From SDL_endian.h with slight changes:
std::uint32_t Swap32(std::uint32_t x)
{
return static_cast<std::uint32_t>((x << 24) | ((x << 8) & 0x00FF0000) |
((x >> 8) & 0x0000FF00) | (x >> 24));
}
float SwapFloat(float x)
{
union
{
float f;
std::uint32_t ui32;
} swapper;
swapper.f = x;
swapper.ui32 = Swap32(swapper.ui32);
return swapper.f;
}
This value is a float, but when I "memcpy" the value into a win32 float type and then call
_byteswap_ulongon that value, I always get 0.0000?
This should work. Can you post the code you have?
However, if you care for performance (perhaps you do not, in that case you can ignore the rest), it should be possible to avoid memcpy, either by directly loading it into the target location and swapping the bytes there, or using a swap which does the swapping while copying.
in some case, especially on modbus: network byte order for a float is:
nfloat[0] = float[1]
nfloat[1] = float[0]
nfloat[2] = float[3]
nfloat[3] = float[2]
Boost libraries have already been mentioned by @morteza and @AnotherParker, stating that the support for float was removed. However, it was added back in a subset of the library since they wrote their comments.
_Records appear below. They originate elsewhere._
lemma rescaled_limits:
  assumes "((\<lambda>\<eta>. exp (-2 * \<eta>) *\<^sub>R (xi \<eta> - p0)) \<longlongrightarrow> V) at_bot"
  shows "((\<lambda>\<eta>. exp (-2 * \<eta>) * Pf m (xi \<eta>)) \<longlongrightarrow> - Hlin m V) at_bot"
    and "((\<lambda>\<eta>. exp (-2 * \<eta>) * - Qf m e (xi \<eta>)) \<longlongrightarrow> - Qlin m e V) at_bot"
    and "((\<lambda>\<eta>. exp (-2 * \<eta>) * Wc (xi \<eta>)) \<longlongrightarrow> V$8) at_bot"
proof -
  define z where "z \<eta> = exp (-2 * \<eta>) *\<^sub>R (xi \<eta> - p0)" for \<eta>
  define quad where "quad v = (v$1)\<^sup>2 + 2 * (v$2)\<^sup>2 + 4 * real m * (v$3)\<^sup>2 - 2 * v$4 * v$5 - 4 * real m * v$4 * v$6"
    for v :: pt
  have rescale: "exp (-2 * \<eta>) * f (xi \<eta>) = f (p0 + exp (2 * \<eta>) *\<^sub>R z \<eta>) / exp (2 * \<eta>)"
    for f :: "pt \<Rightarrow> real" and \<eta>
    by (simp add: z_def exp_minus field_simps flip: exp_add)
  have z: "((\<lambda>\<eta>. z \<eta> $ i) \<longlongrightarrow> V $ i) at_bot" for i
    using assms unfolding z_def[symmetric] by (rule tendsto_vec_nth)
  have exp0: "((\<lambda>\<eta>::real. exp (2 * \<eta>)) \<longlongrightarrow> 0) at_bot" by real_asymp
  have "exp (-2 * \<eta>) * Pf m (xi \<eta>) = - Hlin m (z \<eta>)" for \<eta>
    unfolding rescale[where f = "Pf m"] unfolding Pf_def Hf_p0_plus by simp
  moreover have "((\<lambda>\<eta>. - Hlin m (z \<eta>)) \<longlongrightarrow> - Hlin m V) at_bot"
    unfolding Hlin_def by (intro tendsto_intros z)
  ultimately show "((\<lambda>\<eta>. exp (-2 * \<eta>) * Pf m (xi \<eta>)) \<longlongrightarrow> - Hlin m V) at_bot"
    by simp
  have "exp (-2 * \<eta>) * - Qf m e (xi \<eta>) = - (Qlin m e (z \<eta>) + exp (2 * \<eta>) * quad (z \<eta>))" for \<eta>
    unfolding mult_minus_right rescale[where f = "Qf m e"] Qf_p0_plus quad_def[symmetric] by simp
  moreover have "((\<lambda>\<eta>. - (Qlin m e (z \<eta>) + exp (2 * \<eta>) * quad (z \<eta>))) \<longlongrightarrow> - (Qlin m e V + 0 * quad V)) at_bot"
  proof (intro tendsto_minus tendsto_add tendsto_mult exp0)
    show "((\<lambda>\<eta>. Qlin m e (z \<eta>)) \<longlongrightarrow> Qlin m e V) at_bot"
      unfolding Qlin_def by (intro tendsto_intros z)
    show "((\<lambda>\<eta>. quad (z \<eta>)) \<longlongrightarrow> quad V) at_bot"
      unfolding quad_def by (intro tendsto_intros z)
  qed
  ultimately show "((\<lambda>\<eta>. exp (-2 * \<eta>) * - Qf m e (xi \<eta>)) \<longlongrightarrow> - Qlin m e V) at_bot"
    by simp
  show "((\<lambda>\<eta>. exp (-2 * \<eta>) * Wc (xi \<eta>)) \<longlongrightarrow> V$8) at_bot"
    unfolding rescale[where f = Wc] unfolding Wc_p0_plus by (simp add: z)
qed

lemma initial_direction_coefficients:
  fixes m k :: nat and \<theta> s4 s5 e :: real
  defines "V \<equiv> wth m \<theta> k + s4 *\<^sub>R w4 + s5 *\<^sub>R w5 m e"
  shows "Hlin m V = - s4" and "Qlin m e V = - 2 * s4" and "V$8 = 2 * s5"
  unfolding V_def Hlin_def Qlin_def wth_def w1_def w2_def w3_def w4_def w5_def w6_def
  by (simp_all add: vec8_def algebra_simps power2_eq_square add_divide_distrib[symmetric]
      diff_divide_distrib[symmetric]) (simp_all add: field_simps)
Using Boost.Endian conversion functions, version 1.77.0 as I wrote this answer, you can do the following:
float input = /* some value */;
float reversed = input;
boost::endian::endian_reverse_inplace(reversed);
Check the FAQ to learn why the support was removed then partially added back (mainly, because a reversed float may not be valid anymore) and here for the support history.
quick hack:
#define FBIT32_REVERSE(val) htonl(*(long*) &val)